Какой уж день на глаза пленным не появлялся ни комендант, ни даже «капрал» Речкин. На погляде лишь колючая проволока, немецкие часовые да угрюмые в осенней обнаженности деревья школьного парка. Мимо лагеря, по большаку, с урывистым гудом по-прежнему, словно в бездонную прорву, валила боевая техника и живая сила немцев. У Кондакова да и у других сопленников иногда светлым лучиком прожигала душу крохотная надежда: может, где-то стоит и наша чудо-молотилка, которая молотит, как снопы, эту чертополошную силищу чужеземцев. «И, дай-то бог!» — помолился Назар, провожая глазами очередную неприятельскую колонну, шедшую в сторону Москвы…

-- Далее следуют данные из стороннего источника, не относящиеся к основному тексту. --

lemma quenched_escape_ge_cheeger:
  assumes "1 \<le> T0" and S: "finite S" "S \<noteq> {}" and "0 \<le> \<beta>"
    and open_boundary: "\<beta> * real (card (edge_boundary adj S))
      \<le> real (card {e\<in>edge_boundary adj S. \<forall>t\<in>{T0 - 1..T0}. eta t e})"
  shows "\<beta> / (real d * exp 1) * cheeger adj \<le> quenched_escape adj eta T0 S"
proof -
  define B where "B = real (card (edge_boundary adj S))"
  have "cheeger adj \<le> B / (real d * real (card S))"
    using cheeger_le[OF S, of adj] regular by (simp add: B_def mult.commute)
  then have "\<beta> / (real d * exp 1) * cheeger adj \<le> \<beta> / (real d * exp 1) * (B / (real d * real (card S)))"
    using \<open>0 \<le> \<beta>\<close> by (intro mult_left_mono) auto
  also have "\<dots> = exp (-1) * (\<beta> * B) / (real d * real (card S)) / real d"
    by (simp add: exp_minus field_simps)
  also have "\<dots> \<le> exp (-1) * (\<beta> * B) / (real d * real (card S))"
    using divide_left_mono[of 1 "real d" "exp (-1) * (\<beta> * B) / (real d * real (card S))"] d_pos \<open>0 \<le> \<beta>\<close>
    by (simp add: B_def)
  also have "\<dots> \<le> exp (-1) * real (card {e\<in>edge_boundary adj S. \<forall>t\<in>{T0 - 1..T0}. eta t e}) / (real d * real (card S))"
    using open_boundary by (intro divide_right_mono mult_left_mono) (auto simp: B_def)
  also have "\<dots> \<le> quenched_escape adj eta T0 S"
    using assms(1) S by (rule quenched_escape_ge)
  finally show ?thesis .
qed

end

theorem mainTheorem19:
  fixes adj :: "'v \<Rightarrow> 'v \<Rightarrow> bool" and d :: nat and S :: "'v set"
    and p \<mu> \<beta> :: real and eta :: "real \<Rightarrow> 'v set \<Rightarrow> bool"
  assumes "simple_graph adj" and "connected_graph adj" and "locally_finite adj"
    and "nonamenable adj" and "vertex_transitive adj"
    and "\<forall>v. degree adj v = d" and "d \<ge> 3"
    and "finite S" and "S \<noteq> {}"
    and "0 < p" and "p \<le> 1"
    and "0 < \<mu>" and "\<mu> \<le> 1/2"
    and "env_path adj (1/\<mu>) eta"
    and "\<beta> > 0"
    and "real (card {e\<in>edge_boundary adj S. \<forall>t\<in>{1/\<mu> - 1 .. 1/\<mu>}. eta t e})
           \<ge> \<beta> * real (card (edge_boundary adj S))"
  shows "quenched_escape adj eta (1/\<mu>) S \<ge> \<beta> / (real d * exp 1) * cheeger adj"
proof -
  have "2 \<le> 1 / \<mu>"
    using assms(12,13) by (simp add: field_simps)
  then interpret walk_in_environment adj d eta "1/\<mu>"
    using assms by unfold_locales auto
  show ?thesis
    using assms(8,9,15,16) \<open>2 \<le> 1 / \<mu>\<close> by (intro quenched_escape_ge_cheeger) auto
qed

end
(* Let $\mathcal{A}=\mathcal{A}_n^{\bar q,\Lambda}(\mathbb{K})$ with no $q_k$ a root of unity, and put $z_0=1$. Fix $1\le i\le n$. Suppose $a,b\in\mathcal{A}\setminus\mathbb{K}$ satisfy $ab=\alpha_0z_0+\sum_{j=1}^n\alpha_jz_j$ with $\alpha_0,\dots,\alpha_n\in\mathbb{K}$ and $\alpha_i\neq0$. Then there exist $\lambda,\mu\in\mathbb{K}^*$ such that either $a=\lambda y_i,\ b=\mu x_i$, or $a=\lambda x_i,\ b=\mu y_i$.
   Context: Let $\mathbb{K}$ be a field, $n\ge 1$, $\bar q=(q_1,\dots,q_n)\in(\mathbb{K}^* )^n$, and $\Lambda=(\lambda_{ij})$ an $n\times n$ matrix over $\mathbb{K}^*$ with $\lambda_{ij}=\lambda_{ji}^{-1}$, $\lambda_{ii}=1$. $\mathcal{A}_n^{\bar q,\Lambda}(\mathbb{K})$ is the $\mathbb{K}$-algebra generated by $x_1,y_1,\dots,x_n,y_n$ with relations: for $1\le i<j\le n$, $x_ix_j=\lambda_{ij}x_jx_i$, $y_jy_i=\lambda_{ji}y_iy_j$, $x_iy_j=\lambda_{ji}y_jx_i$, $x_jy_i=\lambda_{ij}y_ix_j$; and $x_iy_i-q_iy_ix_i=1$ for all $i$. Put $z_i=x_iy_i-y_ix_i$ for $i=1,\dots,n$. *)

theory Defs
  imports Main
begin

text \<open>The free associative K-algebra on letters x_k, y_k, realised as functions
  from words to K (elements of interest are finitely supported), and the
  quantum generalized Weyl algebra A_n^{q,Lambda}(K) as its quotient by the
  two-sided ideal generated by the defining relations.\<close>

datatype gen = X nat | Y nat

fun gidx :: "gen \<Rightarrow> nat" where
  "gidx (X k) = k" | "gidx (Y k) = k"

type_synonym 'k ncpoly = "gen list \<Rightarrow> 'k"

definition ncmono :: "gen list \<Rightarrow> 'k::zero \<Rightarrow> 'k ncpoly" where
  "ncmono w c = (\<lambda>u. if u = w then c else 0)"

definition ncconst :: "'k::zero \<Rightarrow> 'k ncpoly" where
  "ncconst c = ncmono [] c"

definition ncgen :: "gen \<Rightarrow> 'k::{zero,one} ncpoly" where
  "ncgen g = ncmono [g] 1"

definition ncadd :: "'k::plus ncpoly \<Rightarrow> 'k ncpoly \<Rightarrow> 'k ncpoly" where
  "ncadd f g = (\<lambda>u. f u + g u)"

definition ncsub :: "'k::minus ncpoly \<Rightarrow> 'k ncpoly \<Rightarrow> 'k ncpoly" where
  "ncsub f g = (\<lambda>u. f u - g u)"

definition ncsmult :: "'k::times \<Rightarrow> 'k ncpoly \<Rightarrow> 'k ncpoly" where
  "ncsmult c f = (\<lambda>u. c * f u)"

В последующие дни лагерной жизни вода с речки по-прежнему доставлялась «добровольцами». Назар попеременно с красноармейцами из поварской команды рубил древесную кору на скудное варево. Все больше и больше пленных оставалось без сил. Такие дни и ночи отлеживались в своих укромках, не вылезали из сарая, даже не просили еды.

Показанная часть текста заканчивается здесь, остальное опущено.